Small business owners and operators understand that the Affordable Care Act (ACA) has significantly changed the future of providing health coverage to employees.

One major change involves state-run healthcare exchanges, which go online in January 2014. States have the option to either set up an exchange themselves or to allow the federal government to set up an exchange in their state. New York, for example, has chosen to set up its own exchange, while New Jersey will default to a federally-facilitated health insurance exchange.

The exchanges are comparable to websites like Travelocity or Orbitz.[1] Anyone who wants to buy private health insurance will be able to use the state-run exchanges to find better deals.[2]

“A health insurance exchange is a marketplace that brings buyers and sellers together to create competition and efficiency,” says Joseph Berardo, Jr., President and CEO, MagnaCare, a firm that specializes in providing self-insured health plans. “Exchanges will offer a number of options, usually from multiple carriers, which employees can choose from based on comparisons of fixed monthly premium and out-of-pocket exposure. For the most part, individuals will continue to require help in making their selection in order to find the right plan for their needs.”

Berardo warns that small businesses should be careful when deciding whether or not to continue to provide healthcare benefits.

"Employers of fewer than 30 employees will not face penalties if they choose to drop coverage once exchanges are up and running," Berardo says. "Many employers of this size currently do provide coverage, and might be tempted to, for example, give their employees raises rather than continue to provide healthcare benefits. This would leave employees to turn to the healthcare exchanges. The potential problem is that individuals who would be eligible for subsidies might not have the financial resources to pay for insurance up front. "
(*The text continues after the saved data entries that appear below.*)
lemma matching_plan_col_sum:
  assumes "disjoint_family_on C {..<K}" and "\<And>i. y i \<in> (\<Union>k<K. C k)"
    and "\<sigma> permutes {..<n}"
  shows "(\<Sum>a<K. matching_plan C x y \<sigma> n a b) = cell_frequency (C b) x n"
proof -
  have "(\<Sum>a<K. \<Sum>i<n. indicator (C a) (y i) * indicator (C b) (x (\<sigma> i)) :: real)
      = (\<Sum>i<n. (\<Sum>a<K. indicator (C a) (y i)) * indicator (C b) (x (\<sigma> i)))"
    by (subst sum.swap) (simp only: sum_distrib_right)
  also have "\<dots> = (\<Sum>i<n. indicator (C b) (x (\<sigma> i)))"
    using sum_indicator_partition[OF _ assms(1,2)] by simp
  also have "\<dots> = (\<Sum>i<n. indicator (C b) (x i))"
    using sum.permute[OF assms(3), of "\<lambda>i. indicator (C b) (x i) :: real"] by (simp add: comp_def)
  finally show ?thesis
    unfolding matching_plan_def cell_frequency_def by (simp add: sum_divide_distrib[symmetric])
qed

lemma matching_plan_cost_le:
  fixes x y :: "nat \<Rightarrow> 'a::real_normed_vector"
  assumes "disjoint_family_on C {..<K}"
    and "\<And>i. x i \<in> (\<Union>k<K. C k)" and "\<And>i. y i \<in> (\<Union>k<K. C k)"
  shows "(\<Sum>a<K. \<Sum>b<K. matching_plan C x y \<sigma> n a b * cell_dist (C a) (C b))
           \<le> (\<Sum>i<n. norm (x (\<sigma> i) - y i)) / real n"
proof -
  define w :: "nat \<Rightarrow> nat \<Rightarrow> nat \<Rightarrow> real"
    where "w i a b = indicator (C a) (y i) * indicator (C b) (x (\<sigma> i))" for i a b
  have "(\<Sum>a<K. \<Sum>b<K. w i a b * cell_dist (C a) (C b)) \<le> norm (x (\<sigma> i) - y i)" for i
  proof -
    have "(\<Sum>a<K. \<Sum>b<K. w i a b * cell_dist (C a) (C b))
        \<le> (\<Sum>a<K. \<Sum>b<K. w i a b * norm (x (\<sigma> i) - y i))"
      unfolding w_def by (intro sum_mono) (auto simp: indicator_def intro: cell_dist_le)
    also have "\<dots> = norm (x (\<sigma> i) - y i)
        * ((\<Sum>a<K. indicator (C a) (y i)) * (\<Sum>b<K. indicator (C b) (x (\<sigma> i))))"
      unfolding w_def sum_product by (simp only: sum_distrib_left mult_ac)
    also have "\<dots> = norm (x (\<sigma> i) - y i)"
      using sum_indicator_partition[OF _ assms(1)] assms(2,3) by simp
    finally show ?thesis .
  qed
  then have "(\<Sum>i<n. \<Sum>a<K. \<Sum>b<K. w i a b * cell_dist (C a) (C b))
      \<le> (\<Sum>i<n. norm (x (\<sigma> i) - y i))"
    by (rule sum_mono)
  moreover have "(\<Sum>a<K. \<Sum>b<K. matching_plan C x y \<sigma> n a b * cell_dist (C a) (C b))
      = (\<Sum>a<K. \<Sum>b<K. \<Sum>i<n. w i a b * cell_dist (C a) (C b)) / real n"
    unfolding matching_plan_def w_def
    by (simp only: times_divide_eq_left sum_distrib_right sum_divide_distrib)
  moreover have "(\<Sum>a<K. \<Sum>b<K. \<Sum>i<n. w i a b * cell_dist (C a) (C b))
      = (\<Sum>i<n. \<Sum>a<K. \<Sum>b<K. w i a b * cell_dist (C a) (C b))"
    by (subst sum.swap) (simp only: sum.swap[of _ "{..<K}" "{..<n}"])
  ultimately show ?thesis by (simp add: divide_right_mono)
qed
Berardo adds that most of the middle-class, and particularly the lower-middle class, will struggle to pay premiums in advance, creating the risk of having more uninsured people. Ultimately, for the employer the decision will come down to a cost-benefit analysis. Likewise, employers of more than 50 people must decide if it's better to pay a $2,000-per-employee penalty for not providing health insurance or to contribute toward an insurance plan.[3]

Another point to consider is that, with higher premiums, more paperwork, and competition from the government’s individual subsidies, employer health plans could end up costing employees more. Because of the way subsidies are structured, there is the potential that employees and their family members could be blocked from getting a tax credit through the new market places being created by the federal and state governments.[4]

That said, health benefit packages that include healthcare coverage remain a key factor in attracting and retaining top talent. Berardo recommends that employers consult with their insurance broker or other trusted advisor in order to ensure that, once all the guidelines are fully vetted, the plan they choose makes sense for the bottom line – and the future of the company. 

 (1) District of Columbia Health Exchange; accessed May 17, 2013.

[2] Jost, Timothy; Implementing health reform, the role of agents and brokers in the exchanges; Health Affairs; May 2, 2012;; accessed May 17, 2013.

[3] Regions.

[4] Health Partners of America; May 27, 2013.